START Supplied entries
lemma inverse_power_le_gabidulin_bound:
  assumes "1 \<le> q" and "1 \<le> m" and "e \<le> A"
  shows "inverse (real q ^ m) ^ A \<le> (2 * real q powr (1 - real m)) ^ e"
proof -
  have "inverse (real q ^ m) ^ A \<le> inverse (real q ^ m) ^ e"
  proof (rule power_decreasing)
    have "1 \<le> real q ^ m"
      using assms(1) by (simp add: one_le_power)
    then show "inverse (real q ^ m) \<le> 1"
      by (simp add: inverse_le_1_iff)
  qed (simp_all add: assms(3))
  also have "inverse (real q ^ m) \<le> 2 * real q powr (1 - real m)"
  proof -
    have "inverse (real q ^ m) = real q powr (- real m)"
      using assms(1) by (simp add: powr_minus powr_realpow)
    also have "\<dots> \<le> real q powr (1 - real m)"
      by (rule powr_mono) (use assms(1) in auto)
    also have "\<dots> \<le> 2 * real q powr (1 - real m)"
      by simp
    finally show ?thesis .
  qed
  then have "inverse (real q ^ m) ^ e \<le> (2 * real q powr (1 - real m)) ^ e"
    by (rule power_mono) simp
  finally show ?thesis .
qed

lemma gabidulin_power_ratio_le:
  assumes "1 \<le> q" and "1 \<le> m" and "1 \<le> k" and "k < n"
  shows "(real q ^ m) ^ (n - 1) / (real q ^ m) ^ (k * (n - k))
           \<le> (2 * real q powr (1 - real m)) ^ ((k div 2) * ((n - k) div 2))"
proof -
  define A where "A = (k - 1) * (n - k - 1)"
  obtain a b where "k = Suc a" and "n - k = Suc b"
    by (rule that[of "k - 1" "n - k - 1"]) (use assms(3,4) in linarith)+
  then have "k * (n - k) = (n - 1) + A"
    by (simp add: A_def algebra_simps)
  then have "(real q ^ m) ^ (n - 1) / (real q ^ m) ^ (k * (n - k)) = 1 / (real q ^ m) ^ A"
    using assms(1) by (simp add: power_add)
  also have "\<dots> = inverse (real q ^ m) ^ A"
    by (simp add: power_one_over inverse_eq_divide)
  also have "\<dots> \<le> (2 * real q powr (1 - real m)) ^ ((k div 2) * ((n - k) div 2))"
    by (rule inverse_power_le_gabidulin_bound) (use assms(1,2) in \<open>simp_all add: A_def mult_le_mono\<close>)
  finally show ?thesis .
qed

lemma prime_power_gt_0: "prime_power q \<Longrightarrow> 0 < q"
  by (auto simp: prime_power_def prime_gt_0_nat)

theorem theorem4p9:
  fixes q m k n :: nat
    and Mats :: "(nat \<Rightarrow> nat \<Rightarrow> 'a::{field,finite}) set"
  assumes "prime_power q" and "m \<ge> 2" and "1 \<le> k" and "k < n"
    and "card (UNIV :: 'a set) = q ^ m"
    and "Mats = matrices k (n - k)"
  shows "real (card {X \<in> Mats. generalized_gabidulin q m k n (row_space k n (sys_matrix k X))})
           / real (card Mats)
         \<le> real (totient m) * (2 * real q powr (1 - real m)) ^ ((k div 2) * ((n - k) div 2))"
proof -
  let ?Good = "{X \<in> Mats. generalized_gabidulin q m k n (row_space k n (sys_matrix k X))}"
  have "card ?Good \<le> totient m * card (UNIV :: 'a set) ^ (n - 1)"
    unfolding assms(6) by (rule card_systematic_generalized_gabidulin_le) (use assms(4,5) in auto)
  then have "real (card ?Good) \<le> real (totient m * (q ^ m) ^ (n - 1))"
    unfolding assms(5) by (rule of_nat_mono)
  then have good: "real (card ?Good) \<le> real (totient m) * (real q ^ m) ^ (n - 1)"
    by simp
  have mats: "real (card Mats) = (real q ^ m) ^ (k * (n - k))"
    using assms(5,6) by (simp add: card_matrices)
  have "real (card ?Good) / real (card Mats)
          \<le> real (totient m) * ((real q ^ m) ^ (n - 1) / (real q ^ m) ^ (k * (n - k)))"
    unfolding mats times_divide_eq_right by (rule divide_right_mono[OF good]) simp
  also have "\<dots> \<le> real (totient m) * (2 * real q powr (1 - real m)) ^ ((k div 2) * ((n - k) div 2))"
    using prime_power_gt_0[OF assms(1)] assms(2-4)
    by (intro mult_left_mono gabidulin_power_ratio_le) auto
  finally show ?thesis .
qed

end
END Supplied entries
● **Task details**
Restate word for word the entries above, starting at the line with "1 / (real q" and ending at the line with "by (auto simp: prime_power_def", inclusive, and no others.

● **Task result**
  then have "(real q ^ m) ^ (n - 1) / (real q ^ m) ^ (k * (n - k)) = 1 / (real q ^ m) ^ A"
    using assms(1) by (simp add: power_add)
  also have "\<dots> = inverse (real q ^ m) ^ A"
    by (simp add: power_one_over inverse_eq_divide)
  also have "\<dots> \<le> (2 * real q powr (1 - real m)) ^ ((k div 2) * ((n - k) div 2))"
    by (rule inverse_power_le_gabidulin_bound) (use assms(1,2) in \<open>simp_all add: A_def mult_le_mono\<close>)
  finally show ?thesis .
qed

lemma prime_power_gt_0: "prime_power q \<Longrightarrow> 0 < q"
  by (auto simp: prime_power_def prime_gt_0_nat)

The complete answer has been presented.